[STORED DATA — start]

lemma perm_type_list_perm:
  assumes l: "is_perm_list n l" and terminates: "power_chain l l 7 \<noteq> None"
  shows "perm_type n (list_perm l) = mset (type_list l)"
proof -
  let ?P = "powers_list l"
  define orbits where "orbits = map (orbit_list ?P) [0..<n]"
  have len: "length l = n"
    using l is_perm_list_length by blast
  have "orbit_of (list_perm l) i = set (orbit_list ?P i)" if "i < n" for i
  proof -
    have "list_perm q i = q ! i" if "q \<in> set ?P" for q
      using powers_list_correct(1)[OF l terminates] that \<open>i < n\<close> is_perm_list_length
      unfolding list_perm_def by metis
    then have "(\<lambda>g. g i) ` list_perm ` set ?P = (\<lambda>q. q ! i) ` set ?P"
      by (auto simp: image_image)
    then show ?thesis
      unfolding orbit_of_eq_image_cyc powers_list_correct(2)[OF l terminates, symmetric] orbit_list_def
      by simp
  qed
  then have orbit_sets: "orbit_of (list_perm l) ` {..<n} = set ` set orbits"
    unfolding orbits_def by (auto simp: image_image)
  have "inj_on set (set orbits)"
    unfolding orbits_def orbit_list_def by (auto intro!: inj_onI intro: sorted_distinct_set_unique)
  then have "perm_type n (list_perm l) = image_mset card (image_mset set (mset_set (set orbits)))"
    unfolding perm_type_def orbit_sets by (simp add: image_mset_mset_set)
  also have "mset_set (set orbits) = mset (remdups orbits)"
    by (metis distinct_remdups mset_set_set set_remdups)
  also have "image_mset card (image_mset set (mset (remdups orbits))) = mset (map (\<lambda>q. card (set q)) (remdups orbits))"
    by (simp add: image_mset.compositionality o_def)
  also have "map (\<lambda>q. card (set q)) (remdups orbits) = map length (remdups orbits)"
  proof (rule map_cong[OF refl])
    fix q assume "q \<in> set (remdups orbits)"
    then have "distinct q"
      unfolding orbits_def orbit_list_def by auto
    then show "card (set q) = length q"
      by (rule distinct_card)
  qed
  also have "mset (map length (remdups orbits)) = mset (type_list l)"
    unfolding type_list_def orbits_def len by simp
  finally show ?thesis .
qed

definition part_pow_list :: "nat list \<Rightarrow> nat \<Rightarrow> nat list" where
  "part_pow_list T a = concat (map (\<lambda>m. replicate (gcd a m) (m div gcd a m)) T)"

lemma part_pow_mset: "part_pow (mset T) a = mset (part_pow_list T a)"
  unfolding part_pow_def part_pow_list_def by (induction T) auto

definition parts_divide :: "nat list \<Rightarrow> nat list \<Rightarrow> bool" where
  "parts_divide T T' \<longleftrightarrow> (\<forall>p \<in> set T'. \<exists>q \<in> set T. p dvd q)"

lemma parts_divide_part_pow: "mset T' = part_pow (mset T) a \<Longrightarrow> parts_divide T T'"
  unfolding parts_divide_def
proof
  fix p assume "mset T' = part_pow (mset T) a" "p \<in> set T'"
  then have "p \<in> set (part_pow_list T a)"
    by (metis part_pow_mset set_mset_mset)
  then obtain m where m: "m \<in> set T" "p = m div gcd a m"
    unfolding part_pow_list_def by (auto split: if_splits)
  then have "p dvd m"
    by (metis dvd_div_mult_self gcd_dvd2 dvd_triv_left)
  with m(1) show "\<exists>q \<in> set T. p dvd q" ..
qed

section \<open>Exhaustive verification for \<open>n \<le> 5\<close>\<close>

definition type_pow_of :: "nat list \<Rightarrow> nat list \<Rightarrow> nat \<Rightarrow> bool" where
  "type_pow_of T T' k \<longleftrightarrow> list_ex (\<lambda>a. sort T = sort (part_pow_list T' a)) [1..<k]"

lemma type_adj_if_type_pow_of:
  assumes "type_pow_of T T' k" "mset T \<noteq> mset T'"
  shows "type_adj (mset T) (mset T')"
proof -
  obtain a where a: "a \<ge> 1" "sort T = sort (part_pow_list T' a)"
    using assms(1) unfolding type_pow_of_def list_ex_iff by auto
  then have "mset T = part_pow (mset T') a"
    by (metis mset_sort part_pow_mset)
  then show ?thesis
    unfolding type_adj_def using a(1) assms(2) by blast
qed

lemma not_type_adj_if_not_parts_divide:
  assumes "\<not> parts_divide T T'" "\<not> parts_divide T' T"
  shows "\<not> type_adj (mset T) (mset T')"
  using assms parts_divide_part_pow unfolding type_adj_def by metis

definition pair_ok :: "nat list \<times> nat list list \<times> nat list \<Rightarrow> nat list \<times> nat list list \<times> nat list \<Rightarrow> bool" where
  "pair_ok = (\<lambda>(q, Pq, Tq) (r, Pr, Tr).
     q \<in> set Pr \<and> r \<in> set Pq \<or>
     Tq \<noteq> Tr \<and>
       (if q \<in> set Pr then type_pow_of Tq Tr (length Pr)
        else if r \<in> set Pq then type_pow_of Tr Tq (length Pq)
        else \<not> parts_divide Tq Tr \<and> \<not> parts_divide Tr Tq))"

lemma pair_ok_sound:
  assumes q: "is_perm_list n q" "power_chain q q 7 \<noteq> None"
    and r: "is_perm_list n r" "power_chain r r 7 \<noteq> None"
    and ok: "pair_ok (q, powers_list q, type_list q) (r, powers_list r, type_list r)"
    and ne: "cyc (list_perm q) \<noteq> cyc (list_perm r)"
  shows "perm_type n (list_perm q) \<noteq> perm_type n (list_perm r) \<and>
    (type_adj (perm_type n (list_perm q)) (perm_type n (list_perm r)) \<longleftrightarrow>
       list_perm q \<in> cyc (list_perm r) \<or> list_perm r \<in> cyc (list_perm q))"
proof -
  have qr: "list_perm q \<in> cyc (list_perm r) \<longleftrightarrow> q \<in> set (powers_list r)"
    and rq: "list_perm r \<in> cyc (list_perm q) \<longleftrightarrow> r \<in> set (powers_list q)"
    using mem_powers_list_iff q r by blast+
  have not_both: "\<not> (q \<in> set (powers_list r) \<and> r \<in> set (powers_list q))"
    using ne cyc_eq_iff qr rq by blast
  have "sorted (type_list q)" "sorted (type_list r)" "type_list q \<noteq> type_list r"
    using ok not_both unfolding pair_ok_def type_list_def by auto
  then have mset_ne: "mset (type_list q) \<noteq> mset (type_list r)"
    by (metis properties_for_sort)
  have "type_adj (mset (type_list q)) (mset (type_list r)) \<longleftrightarrow>
      q \<in> set (powers_list r) \<or> r \<in> set (powers_list q)"
  proof (cases "q \<in> set (powers_list r) \<or> r \<in> set (powers_list q)")
    case True
    then have "type_pow_of (type_list q) (type_list r) (length (powers_list r)) \<or>
        type_pow_of (type_list r) (type_list q) (length (powers_list q))"
      using ok not_both unfolding pair_ok_def by (auto split: if_splits)
    then show ?thesis
      using True mset_ne type_adj_if_type_pow_of type_adj_def by metis
  next
    case False
    then show ?thesis
      using ok not_both not_type_adj_if_not_parts_divide unfolding pair_ok_def by auto
  qed
  then show ?thesis
    using mset_ne perm_type_list_perm q r qr rq by simp
qed

text \<open>For \<open>n \<le> 5\<close> a generator of the maximal cyclic subgroup containing \<open>l\<close>:
  a transposition with three fixed points is multiplied by a 3-cycle on them, a 3-cycle with
  two fixed points by their transposition, and \<open>(a b)(c d)\<close> becomes \<open>(a c b d)\<close>, whose
  square it is; every other permutation is returned unchanged.\<close>

definition generator_list :: "nat list \<Rightarrow> nat list" where
  "generator_list l =
     (let moved = filter (\<lambda>i. l ! i \<noteq> i) [0..<length l]; fixed = filter (\<lambda>i. l ! i = i) [0..<length l] in
      if length moved = 2 \<and> length fixed = 3 then
        l[fixed ! 0 := fixed ! 1, fixed ! 1 := fixed ! 2, fixed ! 2 := fixed ! 0]
      else if length moved = 3 \<and> length fixed = 2 then
        l[fixed ! 0 := fixed ! 1, fixed ! 1 := fixed ! 0]
      else if length moved = 4 \<and> list_comp l l = [0..<length l] then
        (let a = moved ! 0; b = l ! a; c = hd (filter (\<lambda>i. i \<noteq> a \<and> i \<noteq> b) moved); d = l ! c
         in l[a := c, c := b, b := d, d := a])
      else l)"

definition check_generator :: "nat \<Rightarrow> bool" where
  "check_generator n \<longleftrightarrow>
     list_all (\<lambda>l. power_chain l l 7 \<noteq> None \<and>
         (l = [0..<n] \<or>
          distinct (generator_list l) \<and> set (generator_list l) = set [0..<n] \<and>
          generator_list (generator_list l) = generator_list l \<and>
          l \<in> set (powers_list (generator_list l))))
       (permutations_of_set_list [0..<n])"

definition check_maximal :: "nat \<Rightarrow> bool" where
  "check_maximal n \<longleftrightarrow>
     list_all (\<lambda>g. g = [0..<n] \<or> generator_list g \<noteq> g \<or>
         list_all (\<lambda>y. y = [0..<n] \<or>
             generator_list y \<in> set (powers_list g) \<and> g \<in> set (powers_list (generator_list y)))
           (powers_list g))
       (permutations_of_set_list [0..<n])"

[STORED DATA — finish]

EXERCISE AIM:
Copy out every line of the records that the string "blast" appears in.

WRITTEN SOLUTION:
    using l is_perm_list_length by blast
    unfolding type_adj_def using a(1) assms(2) by blast
    using mem_powers_list_iff q r by blast+
    using ne cyc_eq_iff qr rq by blast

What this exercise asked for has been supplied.